*Exercise data:*

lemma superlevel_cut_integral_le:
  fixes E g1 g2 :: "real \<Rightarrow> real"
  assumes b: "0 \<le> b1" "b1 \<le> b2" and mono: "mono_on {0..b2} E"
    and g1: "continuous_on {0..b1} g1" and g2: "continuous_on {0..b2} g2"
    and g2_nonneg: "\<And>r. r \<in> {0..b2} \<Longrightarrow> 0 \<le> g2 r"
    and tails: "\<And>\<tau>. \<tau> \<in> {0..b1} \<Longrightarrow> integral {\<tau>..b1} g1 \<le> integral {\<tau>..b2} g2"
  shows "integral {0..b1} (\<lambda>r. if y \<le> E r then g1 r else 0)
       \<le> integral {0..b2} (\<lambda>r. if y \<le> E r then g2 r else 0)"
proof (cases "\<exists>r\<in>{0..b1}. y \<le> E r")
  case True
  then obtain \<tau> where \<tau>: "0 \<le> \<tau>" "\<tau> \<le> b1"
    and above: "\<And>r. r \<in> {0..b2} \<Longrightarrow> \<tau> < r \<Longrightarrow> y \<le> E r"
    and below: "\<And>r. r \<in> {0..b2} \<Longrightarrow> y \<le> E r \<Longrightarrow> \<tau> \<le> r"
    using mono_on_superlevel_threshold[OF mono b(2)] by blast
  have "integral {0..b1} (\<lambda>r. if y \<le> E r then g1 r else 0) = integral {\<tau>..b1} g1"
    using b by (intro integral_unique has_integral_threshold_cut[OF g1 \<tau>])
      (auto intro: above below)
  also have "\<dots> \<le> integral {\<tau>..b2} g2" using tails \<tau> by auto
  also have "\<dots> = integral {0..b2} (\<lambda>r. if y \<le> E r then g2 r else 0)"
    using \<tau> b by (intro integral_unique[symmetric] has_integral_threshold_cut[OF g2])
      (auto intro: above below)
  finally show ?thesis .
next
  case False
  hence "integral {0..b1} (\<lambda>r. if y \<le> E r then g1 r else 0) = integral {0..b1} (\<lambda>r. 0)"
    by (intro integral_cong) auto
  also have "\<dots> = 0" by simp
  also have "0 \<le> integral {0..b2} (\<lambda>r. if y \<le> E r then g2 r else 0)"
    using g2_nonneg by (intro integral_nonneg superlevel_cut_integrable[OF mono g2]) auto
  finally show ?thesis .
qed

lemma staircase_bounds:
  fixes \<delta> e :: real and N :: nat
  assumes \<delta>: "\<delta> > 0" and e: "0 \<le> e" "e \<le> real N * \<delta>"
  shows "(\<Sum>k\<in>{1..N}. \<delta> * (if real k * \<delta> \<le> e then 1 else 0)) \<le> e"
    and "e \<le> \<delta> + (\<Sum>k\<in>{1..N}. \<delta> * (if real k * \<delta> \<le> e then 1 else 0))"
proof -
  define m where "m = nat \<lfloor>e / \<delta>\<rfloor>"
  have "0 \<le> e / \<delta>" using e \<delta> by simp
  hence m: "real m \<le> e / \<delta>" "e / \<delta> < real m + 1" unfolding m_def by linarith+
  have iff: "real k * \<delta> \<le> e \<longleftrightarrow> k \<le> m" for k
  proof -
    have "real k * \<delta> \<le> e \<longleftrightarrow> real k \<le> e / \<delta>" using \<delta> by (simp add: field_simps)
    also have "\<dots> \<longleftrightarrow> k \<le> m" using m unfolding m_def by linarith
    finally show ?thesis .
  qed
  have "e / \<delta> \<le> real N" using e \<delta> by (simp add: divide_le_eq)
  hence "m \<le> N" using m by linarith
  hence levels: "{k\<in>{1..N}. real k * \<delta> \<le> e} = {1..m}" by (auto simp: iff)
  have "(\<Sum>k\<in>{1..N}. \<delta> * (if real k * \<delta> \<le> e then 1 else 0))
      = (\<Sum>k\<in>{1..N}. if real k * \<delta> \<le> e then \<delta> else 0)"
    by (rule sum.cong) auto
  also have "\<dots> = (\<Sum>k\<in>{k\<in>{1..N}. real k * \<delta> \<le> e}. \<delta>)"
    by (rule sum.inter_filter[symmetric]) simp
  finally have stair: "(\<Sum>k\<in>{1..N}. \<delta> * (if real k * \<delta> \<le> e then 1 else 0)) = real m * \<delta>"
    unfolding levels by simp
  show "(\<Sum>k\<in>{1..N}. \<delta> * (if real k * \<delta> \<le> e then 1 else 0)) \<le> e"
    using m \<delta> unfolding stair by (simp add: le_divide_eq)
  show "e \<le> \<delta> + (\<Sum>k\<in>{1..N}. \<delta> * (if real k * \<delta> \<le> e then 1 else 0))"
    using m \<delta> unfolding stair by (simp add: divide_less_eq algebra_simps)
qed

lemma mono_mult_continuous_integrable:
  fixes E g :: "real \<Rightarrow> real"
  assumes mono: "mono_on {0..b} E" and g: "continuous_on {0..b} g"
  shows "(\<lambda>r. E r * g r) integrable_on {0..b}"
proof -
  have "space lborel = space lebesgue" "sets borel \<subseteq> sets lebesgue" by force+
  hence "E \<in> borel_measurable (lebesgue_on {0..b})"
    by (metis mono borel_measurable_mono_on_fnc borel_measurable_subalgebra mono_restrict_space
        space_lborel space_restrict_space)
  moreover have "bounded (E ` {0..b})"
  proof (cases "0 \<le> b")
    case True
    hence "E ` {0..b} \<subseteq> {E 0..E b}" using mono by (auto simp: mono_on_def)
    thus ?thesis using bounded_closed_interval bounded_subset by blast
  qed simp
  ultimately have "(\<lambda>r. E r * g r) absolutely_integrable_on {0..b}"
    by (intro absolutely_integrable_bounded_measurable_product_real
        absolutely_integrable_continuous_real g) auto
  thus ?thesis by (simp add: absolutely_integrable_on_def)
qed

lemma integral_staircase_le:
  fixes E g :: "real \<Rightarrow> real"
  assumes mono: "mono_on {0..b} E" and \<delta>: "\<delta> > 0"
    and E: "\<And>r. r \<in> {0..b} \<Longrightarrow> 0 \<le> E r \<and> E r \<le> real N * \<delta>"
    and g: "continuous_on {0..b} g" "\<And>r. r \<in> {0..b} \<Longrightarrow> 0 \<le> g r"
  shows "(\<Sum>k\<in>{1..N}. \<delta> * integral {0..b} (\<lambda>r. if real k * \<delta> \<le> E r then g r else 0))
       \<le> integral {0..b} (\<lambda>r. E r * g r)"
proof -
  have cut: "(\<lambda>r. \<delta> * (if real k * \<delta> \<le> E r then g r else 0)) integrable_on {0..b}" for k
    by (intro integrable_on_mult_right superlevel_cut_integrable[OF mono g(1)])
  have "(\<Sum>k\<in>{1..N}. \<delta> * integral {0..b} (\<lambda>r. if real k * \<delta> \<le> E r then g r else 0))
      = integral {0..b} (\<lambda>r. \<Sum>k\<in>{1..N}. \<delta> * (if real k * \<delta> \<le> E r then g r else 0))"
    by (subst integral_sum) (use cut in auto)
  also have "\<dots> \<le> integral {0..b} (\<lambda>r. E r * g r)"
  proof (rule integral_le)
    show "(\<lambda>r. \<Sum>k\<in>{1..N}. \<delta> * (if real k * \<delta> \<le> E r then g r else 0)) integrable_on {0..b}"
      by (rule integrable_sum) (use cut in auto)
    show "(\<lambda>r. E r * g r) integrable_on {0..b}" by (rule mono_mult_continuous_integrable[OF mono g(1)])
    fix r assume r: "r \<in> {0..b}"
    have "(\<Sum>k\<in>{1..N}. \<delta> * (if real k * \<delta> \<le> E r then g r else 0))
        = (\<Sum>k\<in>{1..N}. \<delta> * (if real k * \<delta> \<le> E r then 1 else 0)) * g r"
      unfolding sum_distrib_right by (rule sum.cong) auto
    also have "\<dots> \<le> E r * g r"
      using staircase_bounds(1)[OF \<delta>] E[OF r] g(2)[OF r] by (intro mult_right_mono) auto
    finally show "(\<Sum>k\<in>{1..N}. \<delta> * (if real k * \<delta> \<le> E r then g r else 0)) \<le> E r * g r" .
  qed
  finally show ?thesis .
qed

*What needs to be done:*
Every line above that holds "symmetric" counts once; state the total and nothing else.

*Reply to the exercise:*
2